### Information supplied
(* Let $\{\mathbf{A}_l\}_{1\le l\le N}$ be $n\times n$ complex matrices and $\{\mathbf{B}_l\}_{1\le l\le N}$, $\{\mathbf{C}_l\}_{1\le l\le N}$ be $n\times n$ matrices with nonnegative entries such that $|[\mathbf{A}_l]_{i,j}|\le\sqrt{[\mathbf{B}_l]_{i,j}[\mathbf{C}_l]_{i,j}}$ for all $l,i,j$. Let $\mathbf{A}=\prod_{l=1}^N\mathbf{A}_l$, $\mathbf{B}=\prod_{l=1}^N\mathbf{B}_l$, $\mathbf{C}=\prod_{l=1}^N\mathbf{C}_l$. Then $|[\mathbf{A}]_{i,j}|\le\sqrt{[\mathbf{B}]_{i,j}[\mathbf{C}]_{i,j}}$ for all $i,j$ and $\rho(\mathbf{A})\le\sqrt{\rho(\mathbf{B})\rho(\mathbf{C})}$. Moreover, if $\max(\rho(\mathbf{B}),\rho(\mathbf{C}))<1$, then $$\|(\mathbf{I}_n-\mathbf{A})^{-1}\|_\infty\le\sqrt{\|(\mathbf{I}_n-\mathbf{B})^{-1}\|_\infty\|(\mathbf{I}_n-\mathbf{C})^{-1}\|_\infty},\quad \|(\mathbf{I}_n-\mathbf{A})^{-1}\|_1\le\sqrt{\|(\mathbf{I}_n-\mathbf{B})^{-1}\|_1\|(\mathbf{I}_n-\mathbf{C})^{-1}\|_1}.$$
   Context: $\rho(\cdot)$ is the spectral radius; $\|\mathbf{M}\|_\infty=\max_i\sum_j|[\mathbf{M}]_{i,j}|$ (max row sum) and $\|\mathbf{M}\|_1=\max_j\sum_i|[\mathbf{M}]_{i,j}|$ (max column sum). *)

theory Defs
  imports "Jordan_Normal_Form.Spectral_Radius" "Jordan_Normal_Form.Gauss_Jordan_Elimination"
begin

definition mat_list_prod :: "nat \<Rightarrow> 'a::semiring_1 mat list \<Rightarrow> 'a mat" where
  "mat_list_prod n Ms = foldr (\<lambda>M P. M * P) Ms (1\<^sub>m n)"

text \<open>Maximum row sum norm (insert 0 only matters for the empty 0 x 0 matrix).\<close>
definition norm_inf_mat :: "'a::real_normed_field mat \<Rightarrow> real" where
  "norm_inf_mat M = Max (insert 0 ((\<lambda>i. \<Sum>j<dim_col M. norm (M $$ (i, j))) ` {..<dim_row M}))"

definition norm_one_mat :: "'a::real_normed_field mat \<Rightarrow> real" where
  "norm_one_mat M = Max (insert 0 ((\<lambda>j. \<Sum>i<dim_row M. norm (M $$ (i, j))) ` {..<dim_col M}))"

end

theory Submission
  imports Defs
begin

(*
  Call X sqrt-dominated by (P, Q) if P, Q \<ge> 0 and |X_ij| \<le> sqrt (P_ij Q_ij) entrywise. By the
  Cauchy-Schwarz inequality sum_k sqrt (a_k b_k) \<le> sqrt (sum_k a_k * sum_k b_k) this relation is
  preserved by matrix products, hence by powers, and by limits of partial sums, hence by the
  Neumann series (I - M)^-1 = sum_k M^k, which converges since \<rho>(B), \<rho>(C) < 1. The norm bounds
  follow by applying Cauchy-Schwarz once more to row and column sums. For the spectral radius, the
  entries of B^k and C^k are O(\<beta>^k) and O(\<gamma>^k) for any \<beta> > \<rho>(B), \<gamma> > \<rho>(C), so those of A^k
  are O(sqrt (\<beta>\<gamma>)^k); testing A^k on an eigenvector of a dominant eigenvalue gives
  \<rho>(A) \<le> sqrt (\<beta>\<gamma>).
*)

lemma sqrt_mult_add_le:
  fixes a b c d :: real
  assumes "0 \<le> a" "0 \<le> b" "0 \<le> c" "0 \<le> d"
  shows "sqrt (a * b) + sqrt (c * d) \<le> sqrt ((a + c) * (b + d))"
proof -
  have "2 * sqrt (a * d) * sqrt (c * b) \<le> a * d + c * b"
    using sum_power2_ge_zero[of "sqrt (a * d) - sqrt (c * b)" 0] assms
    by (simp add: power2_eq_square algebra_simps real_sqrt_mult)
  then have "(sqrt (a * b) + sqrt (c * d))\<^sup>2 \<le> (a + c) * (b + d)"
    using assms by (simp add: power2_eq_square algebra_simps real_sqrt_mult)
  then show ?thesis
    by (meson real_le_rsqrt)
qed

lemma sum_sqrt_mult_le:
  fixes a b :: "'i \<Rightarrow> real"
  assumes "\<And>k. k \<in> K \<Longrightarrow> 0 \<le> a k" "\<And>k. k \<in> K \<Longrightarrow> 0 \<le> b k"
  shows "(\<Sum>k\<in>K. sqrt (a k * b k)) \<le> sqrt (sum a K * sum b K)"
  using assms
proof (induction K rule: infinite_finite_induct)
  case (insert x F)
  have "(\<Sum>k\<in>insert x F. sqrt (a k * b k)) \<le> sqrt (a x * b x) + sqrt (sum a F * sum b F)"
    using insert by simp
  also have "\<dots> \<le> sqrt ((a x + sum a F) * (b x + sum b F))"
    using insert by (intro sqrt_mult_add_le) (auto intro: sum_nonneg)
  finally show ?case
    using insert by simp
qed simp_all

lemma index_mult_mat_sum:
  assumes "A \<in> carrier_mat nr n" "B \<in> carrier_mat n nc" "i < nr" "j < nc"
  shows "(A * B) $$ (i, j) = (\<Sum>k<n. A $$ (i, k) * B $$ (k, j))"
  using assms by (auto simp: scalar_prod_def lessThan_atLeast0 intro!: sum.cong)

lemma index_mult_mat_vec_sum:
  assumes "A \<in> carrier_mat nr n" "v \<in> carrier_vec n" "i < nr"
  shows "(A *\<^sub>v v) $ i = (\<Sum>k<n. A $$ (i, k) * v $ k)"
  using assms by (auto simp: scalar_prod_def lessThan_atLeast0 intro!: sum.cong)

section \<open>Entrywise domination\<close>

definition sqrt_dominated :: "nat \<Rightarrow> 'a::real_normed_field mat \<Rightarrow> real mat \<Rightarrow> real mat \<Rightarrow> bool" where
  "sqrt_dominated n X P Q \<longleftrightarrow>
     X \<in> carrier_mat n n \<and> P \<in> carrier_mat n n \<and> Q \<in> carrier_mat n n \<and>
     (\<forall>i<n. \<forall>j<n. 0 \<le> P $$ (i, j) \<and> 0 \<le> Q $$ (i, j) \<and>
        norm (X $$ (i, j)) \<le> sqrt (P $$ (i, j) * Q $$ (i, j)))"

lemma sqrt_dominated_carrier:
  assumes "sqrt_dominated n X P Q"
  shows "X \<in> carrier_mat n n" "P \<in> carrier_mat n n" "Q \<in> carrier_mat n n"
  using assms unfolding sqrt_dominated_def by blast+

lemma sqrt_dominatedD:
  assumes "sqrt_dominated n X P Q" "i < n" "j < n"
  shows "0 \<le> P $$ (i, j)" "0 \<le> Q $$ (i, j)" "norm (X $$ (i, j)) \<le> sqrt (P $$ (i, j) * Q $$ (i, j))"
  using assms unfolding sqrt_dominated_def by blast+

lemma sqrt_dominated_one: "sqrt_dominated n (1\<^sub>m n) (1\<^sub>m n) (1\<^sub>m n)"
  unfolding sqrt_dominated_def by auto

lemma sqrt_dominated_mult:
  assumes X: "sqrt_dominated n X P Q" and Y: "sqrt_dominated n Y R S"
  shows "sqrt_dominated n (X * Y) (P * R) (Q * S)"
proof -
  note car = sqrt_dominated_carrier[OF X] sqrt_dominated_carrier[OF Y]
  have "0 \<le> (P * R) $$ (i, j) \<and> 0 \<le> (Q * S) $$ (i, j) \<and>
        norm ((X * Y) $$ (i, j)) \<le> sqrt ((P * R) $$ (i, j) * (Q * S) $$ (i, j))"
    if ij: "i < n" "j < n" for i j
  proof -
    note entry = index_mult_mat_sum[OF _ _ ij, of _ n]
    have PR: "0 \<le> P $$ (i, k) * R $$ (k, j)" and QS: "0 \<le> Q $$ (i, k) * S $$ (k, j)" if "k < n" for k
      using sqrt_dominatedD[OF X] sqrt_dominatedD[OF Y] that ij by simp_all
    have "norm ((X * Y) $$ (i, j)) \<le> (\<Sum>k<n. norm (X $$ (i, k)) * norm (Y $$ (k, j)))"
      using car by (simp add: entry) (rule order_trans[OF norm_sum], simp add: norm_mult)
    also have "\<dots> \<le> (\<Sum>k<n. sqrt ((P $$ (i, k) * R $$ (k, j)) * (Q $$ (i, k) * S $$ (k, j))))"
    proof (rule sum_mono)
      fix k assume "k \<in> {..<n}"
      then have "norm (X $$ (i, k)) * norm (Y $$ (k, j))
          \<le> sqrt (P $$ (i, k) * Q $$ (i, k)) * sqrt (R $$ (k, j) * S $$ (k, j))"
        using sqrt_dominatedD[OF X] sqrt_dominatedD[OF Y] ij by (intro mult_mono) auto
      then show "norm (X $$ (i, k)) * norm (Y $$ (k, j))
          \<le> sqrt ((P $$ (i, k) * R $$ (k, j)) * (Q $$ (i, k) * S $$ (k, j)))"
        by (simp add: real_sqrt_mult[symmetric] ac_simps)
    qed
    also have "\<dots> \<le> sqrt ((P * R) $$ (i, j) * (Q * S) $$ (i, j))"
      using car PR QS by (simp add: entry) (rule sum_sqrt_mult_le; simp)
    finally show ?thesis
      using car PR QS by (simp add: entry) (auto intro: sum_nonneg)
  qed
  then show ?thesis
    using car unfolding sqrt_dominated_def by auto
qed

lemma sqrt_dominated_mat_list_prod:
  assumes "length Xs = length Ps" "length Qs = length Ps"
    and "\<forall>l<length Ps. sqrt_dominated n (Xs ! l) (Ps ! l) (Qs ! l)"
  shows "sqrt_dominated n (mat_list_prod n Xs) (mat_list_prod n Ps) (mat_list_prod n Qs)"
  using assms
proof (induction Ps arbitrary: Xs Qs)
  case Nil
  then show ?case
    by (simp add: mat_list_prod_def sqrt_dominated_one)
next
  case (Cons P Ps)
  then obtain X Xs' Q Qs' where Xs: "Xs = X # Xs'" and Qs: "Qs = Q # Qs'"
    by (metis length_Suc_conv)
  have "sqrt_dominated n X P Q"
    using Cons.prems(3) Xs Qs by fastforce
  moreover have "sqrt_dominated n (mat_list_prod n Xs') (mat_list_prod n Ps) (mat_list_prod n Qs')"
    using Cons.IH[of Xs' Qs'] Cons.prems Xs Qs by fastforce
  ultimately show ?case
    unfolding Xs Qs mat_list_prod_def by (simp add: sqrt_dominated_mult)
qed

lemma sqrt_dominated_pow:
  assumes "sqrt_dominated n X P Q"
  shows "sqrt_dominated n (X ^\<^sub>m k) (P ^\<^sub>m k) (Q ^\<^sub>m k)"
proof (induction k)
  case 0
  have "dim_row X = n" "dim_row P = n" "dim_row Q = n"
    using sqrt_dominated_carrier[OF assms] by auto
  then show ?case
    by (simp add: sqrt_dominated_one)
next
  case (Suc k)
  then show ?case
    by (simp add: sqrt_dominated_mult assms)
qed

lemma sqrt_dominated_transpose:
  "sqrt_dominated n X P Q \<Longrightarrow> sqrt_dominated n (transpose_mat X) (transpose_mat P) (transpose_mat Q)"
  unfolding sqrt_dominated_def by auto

* * *

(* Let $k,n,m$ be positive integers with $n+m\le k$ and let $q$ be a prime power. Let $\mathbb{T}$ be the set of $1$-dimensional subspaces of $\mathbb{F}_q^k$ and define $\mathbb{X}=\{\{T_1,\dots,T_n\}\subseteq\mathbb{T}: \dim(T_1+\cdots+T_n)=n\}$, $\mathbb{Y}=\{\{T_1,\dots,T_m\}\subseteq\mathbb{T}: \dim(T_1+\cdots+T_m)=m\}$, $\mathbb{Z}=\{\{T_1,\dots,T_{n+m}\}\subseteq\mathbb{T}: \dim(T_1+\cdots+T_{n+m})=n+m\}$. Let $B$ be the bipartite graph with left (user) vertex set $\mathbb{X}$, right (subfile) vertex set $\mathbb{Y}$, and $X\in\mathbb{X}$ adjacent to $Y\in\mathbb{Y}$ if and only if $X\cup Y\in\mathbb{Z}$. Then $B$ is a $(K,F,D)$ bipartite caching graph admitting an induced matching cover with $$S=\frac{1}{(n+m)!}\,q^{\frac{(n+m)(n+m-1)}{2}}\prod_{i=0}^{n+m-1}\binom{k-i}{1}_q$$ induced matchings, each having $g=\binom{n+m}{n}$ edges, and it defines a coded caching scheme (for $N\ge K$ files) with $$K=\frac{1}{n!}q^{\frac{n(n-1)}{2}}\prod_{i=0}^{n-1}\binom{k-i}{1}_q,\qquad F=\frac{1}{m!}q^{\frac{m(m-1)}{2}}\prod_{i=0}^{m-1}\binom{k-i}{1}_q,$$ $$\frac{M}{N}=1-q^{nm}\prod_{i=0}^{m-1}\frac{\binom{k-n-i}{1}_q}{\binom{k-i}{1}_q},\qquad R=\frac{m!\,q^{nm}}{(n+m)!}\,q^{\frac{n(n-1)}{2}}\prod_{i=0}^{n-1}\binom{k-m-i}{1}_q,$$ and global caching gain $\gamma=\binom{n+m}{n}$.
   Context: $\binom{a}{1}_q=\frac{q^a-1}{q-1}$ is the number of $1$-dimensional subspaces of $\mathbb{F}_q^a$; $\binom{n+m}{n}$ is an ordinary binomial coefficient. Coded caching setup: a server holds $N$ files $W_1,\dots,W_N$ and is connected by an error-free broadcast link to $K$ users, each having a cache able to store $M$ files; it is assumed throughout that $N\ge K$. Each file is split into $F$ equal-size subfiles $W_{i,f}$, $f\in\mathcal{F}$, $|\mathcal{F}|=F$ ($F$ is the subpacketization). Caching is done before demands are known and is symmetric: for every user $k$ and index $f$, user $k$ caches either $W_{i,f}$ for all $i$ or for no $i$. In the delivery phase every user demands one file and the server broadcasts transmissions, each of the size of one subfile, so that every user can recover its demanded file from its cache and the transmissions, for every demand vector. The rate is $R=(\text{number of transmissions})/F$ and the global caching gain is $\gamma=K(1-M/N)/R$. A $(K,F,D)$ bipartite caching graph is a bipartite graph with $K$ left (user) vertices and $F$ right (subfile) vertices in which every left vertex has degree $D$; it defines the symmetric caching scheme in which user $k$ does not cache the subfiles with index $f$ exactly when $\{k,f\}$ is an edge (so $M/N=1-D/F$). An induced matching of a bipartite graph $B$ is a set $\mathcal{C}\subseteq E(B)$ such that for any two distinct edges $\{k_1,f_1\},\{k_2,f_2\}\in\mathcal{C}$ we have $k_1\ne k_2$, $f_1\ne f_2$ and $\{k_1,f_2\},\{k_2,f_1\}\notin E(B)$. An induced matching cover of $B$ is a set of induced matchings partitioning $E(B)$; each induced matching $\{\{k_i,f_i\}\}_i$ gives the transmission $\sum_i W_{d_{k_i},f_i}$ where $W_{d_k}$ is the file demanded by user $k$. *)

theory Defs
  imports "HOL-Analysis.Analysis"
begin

### What needs to be done
State only how many lines above contain "entries".

### Solution
2